Saved entries:
definition local_end :: "('o, 'm, 'k) klincat \<Rightarrow> 'o \<Rightarrow> bool" where
  "local_end C y \<longleftrightarrow> c_id C y \<noteq> c_zero C y y \<and>
     (\<forall>e \<in> Hom C y y. invertible_end C y e \<or>
        invertible_end C y (c_add C (c_id C y) (c_neg C e)))"

definition krull_schmidt :: "('o, 'm, 'k) klincat \<Rightarrow> bool" where
  "krull_schmidt C \<longleftrightarrow> (\<forall>x. \<exists>ys. (\<forall>y \<in> set ys. local_end C y) \<and> is_dsum C x ys)"

definition std_cat :: "('o, 'm, 'k::field) klincat \<Rightarrow> bool" where
  "std_cat C \<longleftrightarrow> is_klinear_cat C \<and> hom_finite C \<and> is_additive C \<and> krull_schmidt C"

text \<open>Subcategory: full additive subcategory closed under direct summands,
given by its set of objects.\<close>
definition is_subcat :: "('o, 'm, 'k) klincat \<Rightarrow> 'o set \<Rightarrow> bool" where
  "is_subcat C M \<longleftrightarrow>
     (\<forall>z. is_zero_obj C z \<longrightarrow> z \<in> M) \<and>
     (\<forall>a b s. a \<in> M \<longrightarrow> b \<in> M \<longrightarrow> is_dsum C s [a, b] \<longrightarrow> s \<in> M) \<and>
     (\<forall>x y z. x \<in> M \<longrightarrow> is_dsum C x [y, z] \<longrightarrow> y \<in> M)"

definition is_iso :: "('o, 'm, 'k) klincat \<Rightarrow> 'm \<Rightarrow> 'o \<Rightarrow> 'o \<Rightarrow> bool" where
  "is_iso C f a b \<longleftrightarrow> f \<in> Hom C a b \<and>
     (\<exists>g \<in> Hom C b a. c_comp C g f = c_id C a \<and> c_comp C f g = c_id C b)"

definition is_additive_functor ::
  "('o, 'm, 'k) klincat \<Rightarrow> ('o \<Rightarrow> 'o) \<Rightarrow> ('m \<Rightarrow> 'm) \<Rightarrow> bool" where
  "is_additive_functor C S Sm \<longleftrightarrow>
     (\<forall>a b f. f \<in> Hom C a b \<longrightarrow> Sm f \<in> Hom C (S a) (S b)) \<and>
     (\<forall>a. Sm (c_id C a) = c_id C (S a)) \<and>
     (\<forall>a b c f g. f \<in> Hom C a b \<longrightarrow> g \<in> Hom C b c \<longrightarrow>
        Sm (c_comp C g f) = c_comp C (Sm g) (Sm f)) \<and>
     (\<forall>a b f g. f \<in> Hom C a b \<longrightarrow> g \<in> Hom C a b \<longrightarrow>
        Sm (c_add C f g) = c_add C (Sm f) (Sm g))"

text \<open>A right triangle U -u-> V -v-> W -w-> S U is encoded as (U, V, W, u, v, w).\<close>

type_synonym ('o, 'm) tri = "'o \<times> 'o \<times> 'o \<times> 'm \<times> 'm \<times> 'm"
theorem Wmat_Suc:
  assumes "i < d"
  shows "Wmat M \<eta> x m i (Suc t) =
      Amat \<eta> \<beta> (lam i) ** Wmat M \<eta> x m i t ** transpose (Amat \<eta> \<beta> (lam i))
      + (\<eta>^2 * ((lam i)^2 * (Wmat M \<eta> x m i t $ 1 $ 1)
                 + (\<Sum>j<d. (lam j)^2 * (Wmat M \<eta> x m j t $ 1 $ 1)))) *\<^sub>R Qmat"
proof -
  define a where "a = expectation (\<lambda>\<omega>. x t i \<omega>^2)"
  define b where "b = expectation (\<lambda>\<omega>. \<eta> * x t i \<omega> * m t i \<omega>)"
  define c where "c = expectation (\<lambda>\<omega>. \<eta>^2 * m t i \<omega>^2)"
  define s where "s = \<eta>^2 * (lam i^2 * a + (\<Sum>j<d. lam j^2 * expectation (\<lambda>\<omega>. x t j \<omega>^2)))"
  define p where "p = \<eta> * lam i * a + \<beta> * b"
  define q where "q = (\<eta> * lam i)^2 * a + 2 * \<eta> * lam i * \<beta> * b + \<beta>^2 * c + s"
  have xm: "has_bochner_integral M (\<lambda>\<omega>. \<eta> * x t i \<omega> * m (Suc t) i \<omega>) p"
    using has_bochner_integral_x_m_Suc[OF state_square_integrable assms]
    by (auto simp: has_bochner_integral_iff p_def a_def b_def algebra_simps)
  have mm: "has_bochner_integral M (\<lambda>\<omega>. \<eta>^2 * m (Suc t) i \<omega>^2) q"
    using has_bochner_integral_m_Suc_sq[OF state_square_integrable assms]
    by (auto simp: has_bochner_integral_iff q_def s_def a_def b_def c_def power2_eq_square
        algebra_simps)
  have "Wmat M \<eta> x m i (Suc t) = mat2 (a - 2 * p + q) (p - q) (p - q) q"
    unfolding a_def by (rule Wmat_Suc_eq_mat2[OF assms xm mm])
  also have "\<dots> = Amat \<eta> \<beta> (lam i) ** mat2 a b b c ** transpose (Amat \<eta> \<beta> (lam i)) + s *\<^sub>R Qmat"
    by (rule Amat_congruence[symmetric]) (simp_all add: p_def q_def)
  also have "mat2 a b b c = Wmat M \<eta> x m i t"
    by (simp add: Wmat_def a_def b_def c_def)
  also have "s = \<eta>^2 * ((lam i)^2 * (Wmat M \<eta> x m i t $ 1 $ 1)
                 + (\<Sum>j<d. (lam j)^2 * (Wmat M \<eta> x m j t $ 1 $ 1)))"
    by (simp add: s_def a_def Wmat_def mat2_def)
  finally show ?thesis .
qed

Action item: Show me every line in the data above that includes "exists".

Response area:
  "krull_schmidt C \<longleftrightarrow> (\<forall>x. \<exists>ys. (\<forall>y \<in> set ys. local_end C y) \<and> is_dsum C x ys)"
     (\<exists>g \<in> Hom C b a. c_comp C g f = c_id C a \<and> c_comp C f g = c_id C b)"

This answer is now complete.